Esta historia viene a cuento de la lectura de la encuesta del CIS en la que la valoración de la clase política cae por los suelos después del paro y la economía, pasando el terrorismo a cuarto lugar. Ya es triste que preocupe más a los españoles la clase política que el terrorismo etarra. Algo harán mal para que los españoles no les valoren de forma positiva.
Dice un proverbio que “no me des dinero; ponme donde lo haya” y este parece ser el proverbio de cabecera de muchos de los actuales políticos, similares o adheridos. Dice Esperanza Aguirre que “el poder desgasta y a algunos hasta los corrompe” y creo que tiene razón si cambiamos “muchos” por “algunos”.
Cada día al abrir el periódico nos desayunamos, no ya con un sapo, sino una subvención inadecuada, con unas comisiones en el Ayuntamiento de tal o cual pueblo o capital, con un ERE fraudulento, con un cambio de calificación de terrenos, con tres trajes regalados o con una financiación al partido correspondiente a cambio de favores, cohechos o malversación de fondos públicos.
El caso Faisán está abriendo heridas entre el Gobierno, las victimas del terrorismo etarra y el partido de la oposición que intenta encontrar al político o al policía que miente. Como se va a tener confianza en los políticos si el vicepresidente primero y ministro del Interior, Pérez Rubalcaba, asegura ahora que ni él ni el Secretario de Estado fueron informados de la operación policial que se iba a ejecutar contra la red de extorsión de ETA en el bar Faisán. Ni sabe nada del chivatazo de la policía por el que se frustró la operación, ni le informaron de tan importante acción policial en pleno proceso de negociación de la tregua trampa.
Como se va a tener confianza en la clase política si después de tan traído y llevado caso “Gürtel”, que afecta a políticos, alcaldes y hasta al tesorero del PP, aparece el pobre Gómez, candidato a la Comunidad de Madrid, y nombra como mano derecha, secretaria de organización del PSM y número dos de la lista a la Comunidad, ahora anulada por Ferraz, a una persona imputada, concejal de un Ayuntamiento, por cohecho, malversación etc.

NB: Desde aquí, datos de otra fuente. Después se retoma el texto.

(* Assume $a$ is (WD) or (SD) and let $\beta,\gamma\ge0$. For $z\in H^2_{\frac1a,0}(0,1)$ define $|||z|||^2:=\int_0^1(z'')^2dx+\beta z^2(1)+\gamma(z'(1))^2$. Then $|||\cdot|||$ and $\|\cdot\|_{2,\sim}$ (where $\|z\|_{2,\sim}=\|z''\|_{L^2(0,1)}$) are equivalent norms on $H^2_{\frac1a,0}(0,1)$. Moreover, for every $\lambda,\mu\in\mathbb{R}$ the variational problem $$\int_0^1 z''\varphi''dx+\beta z(1)\varphi(1)+\gamma z'(1)\varphi'(1)=\lambda\varphi(1)+\mu\varphi'(1)\qquad\forall\varphi\in H^2_{\frac1a,0}(0,1)$$ admits a unique solution $z\in H^2_{\frac1a,0}(0,1)$, which satisfies $$\int_0^1\frac{z^2}{a}dx\le (4C_{HP}+1)(|\lambda|+|\mu|)^2,\qquad |||z|||^2\le(|\lambda|+|\mu|)^2.$$ In addition $z\in D(A)$ and $Az=0$, $\beta z(1)-z'''(1)=\lambda$, $\gamma z'(1)+z''(1)=\mu$.
   Context: $a$ is weakly degenerate (WD) if $a\in C[0,1]\cap C^1(0,1]$, $a(0)=0$, $a>0$ on $(0,1]$ and $K:=\sup_{x\in(0,1]}\frac{x|a'(x)|}{a(x)}\in(0,1)$; $a$ is strongly degenerate (SD) if $a\in C^1[0,1]$, $a(0)=0$, $a>0$ on $(0,1]$ and $K\in[1,2)$. $L^2_{\frac1a}(0,1):=\{u\in L^2(0,1):\int_0^1 u^2/a\,dx<\infty\}$; $H^1_{\frac1a,0}(0,1):=\{u\in L^2_{\frac1a}(0,1)\cap H^1(0,1):u(0)=0\}$; $H^2_{\frac1a,0}(0,1):=\{u\in H^1_{\frac1a,0}(0,1)\cap H^2(0,1):u'(0)=0\}$. $D(A):=\{u\in H^2_{\frac1a,0}(0,1): au''''\in L^2_{\frac1a}(0,1)\}$ and $Au:=au''''$. $C_{HP}>0$ is the best constant in the inequality $\int_0^1 u^2/a\,dx\le C\int_0^1(u')^2dx$ for $u\in H^1_{\frac1a,0}(0,1)$ (finite under (WD) or (SD)). *)

theory Defs
  imports "HOL-Analysis.Analysis"
begin

text \<open>Sobolev functions are
identified with their continuous representatives on [0,1], and weak
derivatives are carried along explicitly.\<close>

definition Ksup :: "(real \<Rightarrow> real) \<Rightarrow> (real \<Rightarrow> real) \<Rightarrow> real set" where
  "Ksup a a' = (\<lambda>x. x * \<bar>a' x\<bar> / a x) ` {0<..1}"

definition WD :: "(real \<Rightarrow> real) \<Rightarrow> bool" where
  "WD a \<longleftrightarrow> continuous_on {0..1} a \<and> a 0 = 0 \<and> (\<forall>x\<in>{0<..1}. a x > 0) \<and>
     (\<exists>a'. (\<forall>x\<in>{0<..1}. (a has_real_derivative a' x) (at x within {0..1}))
          \<and> continuous_on {0<..1} a'
          \<and> bdd_above (Ksup a a') \<and> 0 < Sup (Ksup a a') \<and> Sup (Ksup a a') < 1)"

definition SD :: "(real \<Rightarrow> real) \<Rightarrow> bool" where
  "SD a \<longleftrightarrow> a 0 = 0 \<and> (\<forall>x\<in>{0<..1}. a x > 0) \<and>
     (\<exists>a'. (\<forall>x\<in>{0..1}. (a has_real_derivative a' x) (at x within {0..1}))
          \<and> continuous_on {0..1} a'
          \<and> bdd_above (Ksup a a') \<and> 1 \<le> Sup (Ksup a a') \<and> Sup (Ksup a a') < 2)"

definition test_fun :: "(real \<Rightarrow> real) \<Rightarrow> bool" where
  "test_fun \<phi> \<longleftrightarrow> (\<forall>n x. ((deriv ^^ n) \<phi>) differentiable (at x)) \<and>
     compact (closure {x. \<phi> x \<noteq> 0}) \<and> closure {x. \<phi> x \<noteq> 0} \<subseteq> {0<..<1}"

definition loc_int :: "(real \<Rightarrow> real) \<Rightarrow> bool" where
  "loc_int f \<longleftrightarrow> (\<forall>K. compact K \<and> K \<subseteq> {0<..<1} \<longrightarrow> set_integrable lborel K f)"

definition weak_deriv :: "(real \<Rightarrow> real) \<Rightarrow> (real \<Rightarrow> real) \<Rightarrow> bool" where
  "weak_deriv u v \<longleftrightarrow> loc_int u \<and> loc_int v \<and>
     (\<forall>\<phi>. test_fun \<phi> \<longrightarrow>
        (LINT x:{0<..<1}|lborel. u x * deriv \<phi> x) = - (LINT x:{0<..<1}|lborel. v x * \<phi> x))"

definition L2 :: "(real \<Rightarrow> real) \<Rightarrow> bool" where
  "L2 u \<longleftrightarrow> set_borel_measurable lborel {0<..<1} u \<and>
     set_integrable lborel {0<..<1} (\<lambda>x. (u x)\<^sup>2)"

definition L2a :: "(real \<Rightarrow> real) \<Rightarrow> (real \<Rightarrow> real) \<Rightarrow> bool" where
  "L2a a u \<longleftrightarrow> L2 u \<and> set_integrable lborel {0<..<1} (\<lambda>x. (u x)\<^sup>2 / a x)"

definition H1 :: "(real \<Rightarrow> real) \<Rightarrow> (real \<Rightarrow> real) \<Rightarrow> bool" where
  "H1 u u' \<longleftrightarrow> L2 u \<and> L2 u' \<and> weak_deriv u u' \<and> continuous_on {0..1} u"

definition H1a0 :: "(real \<Rightarrow> real) \<Rightarrow> (real \<Rightarrow> real) \<Rightarrow> (real \<Rightarrow> real) \<Rightarrow> bool" where
  "H1a0 a u u' \<longleftrightarrow> H1 u u' \<and> L2a a u \<and> u 0 = 0"

definition H2a0 :: "(real \<Rightarrow> real) \<Rightarrow> (real \<Rightarrow> real) \<Rightarrow> (real \<Rightarrow> real) \<Rightarrow> (real \<Rightarrow> real) \<Rightarrow> bool" where
  "H2a0 a u u1 u2 \<longleftrightarrow> H1a0 a u u1 \<and> H1 u1 u2 \<and> u1 0 = 0"

text \<open>\<open>u \<in> D(A)\<close>, where \<open>w\<close> is the distributional fourth derivative of \<open>u\<close>
  (so \<open>Au = a w\<close>).\<close>
definition DA :: "(real \<Rightarrow> real) \<Rightarrow> (real \<Rightarrow> real) \<Rightarrow> (real \<Rightarrow> real) \<Rightarrow> (real \<Rightarrow> real)
    \<Rightarrow> (real \<Rightarrow> real) \<Rightarrow> bool" where
  "DA a u u1 u2 w \<longleftrightarrow> H2a0 a u u1 u2 \<and> loc_int w \<and>
     (\<forall>\<phi>. test_fun \<phi> \<longrightarrow>
        (LINT x:{0<..<1}|lborel. u x * (deriv ^^ 4) \<phi> x) = (LINT x:{0<..<1}|lborel. w x * \<phi> x))
     \<and> L2a a (\<lambda>x. a x * w x)"

definition C_HP :: "(real \<Rightarrow> real) \<Rightarrow> real" where
  "C_HP a = Inf {C. \<forall>u u'. H1a0 a u u' \<longrightarrow>
      (LINT x:{0<..<1}|lborel. (u x)\<^sup>2 / a x) \<le> C * (LINT x:{0<..<1}|lborel. (u' x)\<^sup>2)}"

definition norm2t :: "(real \<Rightarrow> real) \<Rightarrow> real" where
  "norm2t u2 = sqrt (LINT x:{0<..<1}|lborel. (u2 x)\<^sup>2)"

definition tnorm :: "real \<Rightarrow> real \<Rightarrow> (real \<Rightarrow> real) \<Rightarrow> (real \<Rightarrow> real) \<Rightarrow> (real \<Rightarrow> real) \<Rightarrow> real" where
  "tnorm \<beta> \<gamma> u u1 u2 =
     sqrt ((LINT x:{0<..<1}|lborel. (u2 x)\<^sup>2) + \<beta> * (u 1)\<^sup>2 + \<gamma> * (u1 1)\<^sup>2)"

definition var_sol :: "(real \<Rightarrow> real) \<Rightarrow> real \<Rightarrow> real \<Rightarrow> real \<Rightarrow> real \<Rightarrow>
    (real \<Rightarrow> real) \<Rightarrow> (real \<Rightarrow> real) \<Rightarrow> (real \<Rightarrow> real) \<Rightarrow> bool" where
  "var_sol a \<beta> \<gamma> lam mu z z1 z2 \<longleftrightarrow> H2a0 a z z1 z2 \<and>
     (\<forall>\<phi> \<phi>1 \<phi>2. H2a0 a \<phi> \<phi>1 \<phi>2 \<longrightarrow>
        (LINT x:{0<..<1}|lborel. z2 x * \<phi>2 x) + \<beta> * z 1 * \<phi> 1 + \<gamma> * z1 1 * \<phi>1 1
          = lam * \<phi> 1 + mu * \<phi>1 1)"

end

theory Submission
  imports Defs "HOL-Computational_Algebra.Polynomial"
begin

(* Every z in H^2_{1/a,0} vanishes together with z' at 0, so by Cauchy-Schwarz z(1)^2, z'(1)^2
   and the integral of z'^2 are bounded by the integral of z''^2.  This gives the equivalence of
   the norms, and coercivity of the bilinear form, hence uniqueness.  The solution is the cubic
   z = A x^2 + B x^3, the coefficients being fixed by the natural boundary conditions
   beta z(1) - z'''(1) = lambda and gamma z'(1) + z''(1) = mu, a linear system with determinant
   12 + 12 gamma + 4 beta + beta gamma > 0.  Testing the equation with z itself gives
   |||z|||^2 = lambda z(1) + mu z'(1) <= (|lambda| + |mu|) |||z|||, and the Hardy-Poincare
   inequality bounds the weighted norm.  (WD) and (SD) are only used through K < 2, which
   gives a x >= a 1 * x^K and hence the Hardy inequality.
   Since Sobolev functions are given through weak derivatives against C_c^infinity test
   functions, everything rests on the fundamental theorem of calculus for them, obtained by
   testing with smooth plateau functions built from exp (-1/x). *)

section \<open>Smooth plateau functions\<close>

definition flat_poly :: "real poly \<Rightarrow> real \<Rightarrow> real" where
  "flat_poly p x = (if x > 0 then poly p (1/x) * exp (-1/x) else 0)"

Gallardón ha dicho esta semana que “hay un descrédito general de la clase política en este momento y opino que es un problema que tendremos que resolver cuando lleguemos al Gobierno. Es fundamental que los ciudadanos aprecien a sus políticos”. Y yo me pregunto como no va a haber descrédito generalizado si la semana pasada se ha descubierto la trama de favores concedidos por la Junta de Andalucía, a personas muy vinculadas con el PSOE, mediante falsos Expedientes de Regulación de Empleo (ERE). La propia administración andaluza, ha confirmado la existencia de un “fondo de reptiles” de nada menos que de 647 millones de euros para subvencionar prejubilaciones de forma fraudulenta en empresas en crisis y a personas afines que nunca habían trabajado nunca en estas empresas. Con este método se han colado en los ERES fraudulentos, políticos y familiares todos cercanos o militantes del PSOE en uno de los más vergonzosos asuntos de corrupción al utilizar dinero público para los parados y fomento del empleo en beneficio personal y familiar.
Como se va a creer en los políticos si todo está milimétricamente preparado para legalizar a Sortu, decimotercer partido pro-etarra que presentan a las elecciones. La estrategia del Gobierno es dar alas y financiación vía presupuestos generales a los pro-etarras, para que antes de las municipales ellos den oxígeno al Gobierno lanzando un nuevo comunicado en el que anuncien la tregua trampa e irreversible de ETA. Para ello deberán ir preparando a la opinión pública por lo que las declaraciones están también milimétricamente medidas. Ahora las declaraciones cambian y el propio ministro del Interior, después de congratularse por el paso dado por los pro-etarras para intentar legalizar el nuevo partido, ha declarado que el ministerio ha paralizado la inscripción de la nueva marca aberzale porque “es evidente que se trata de la ilegalizada Batasuna”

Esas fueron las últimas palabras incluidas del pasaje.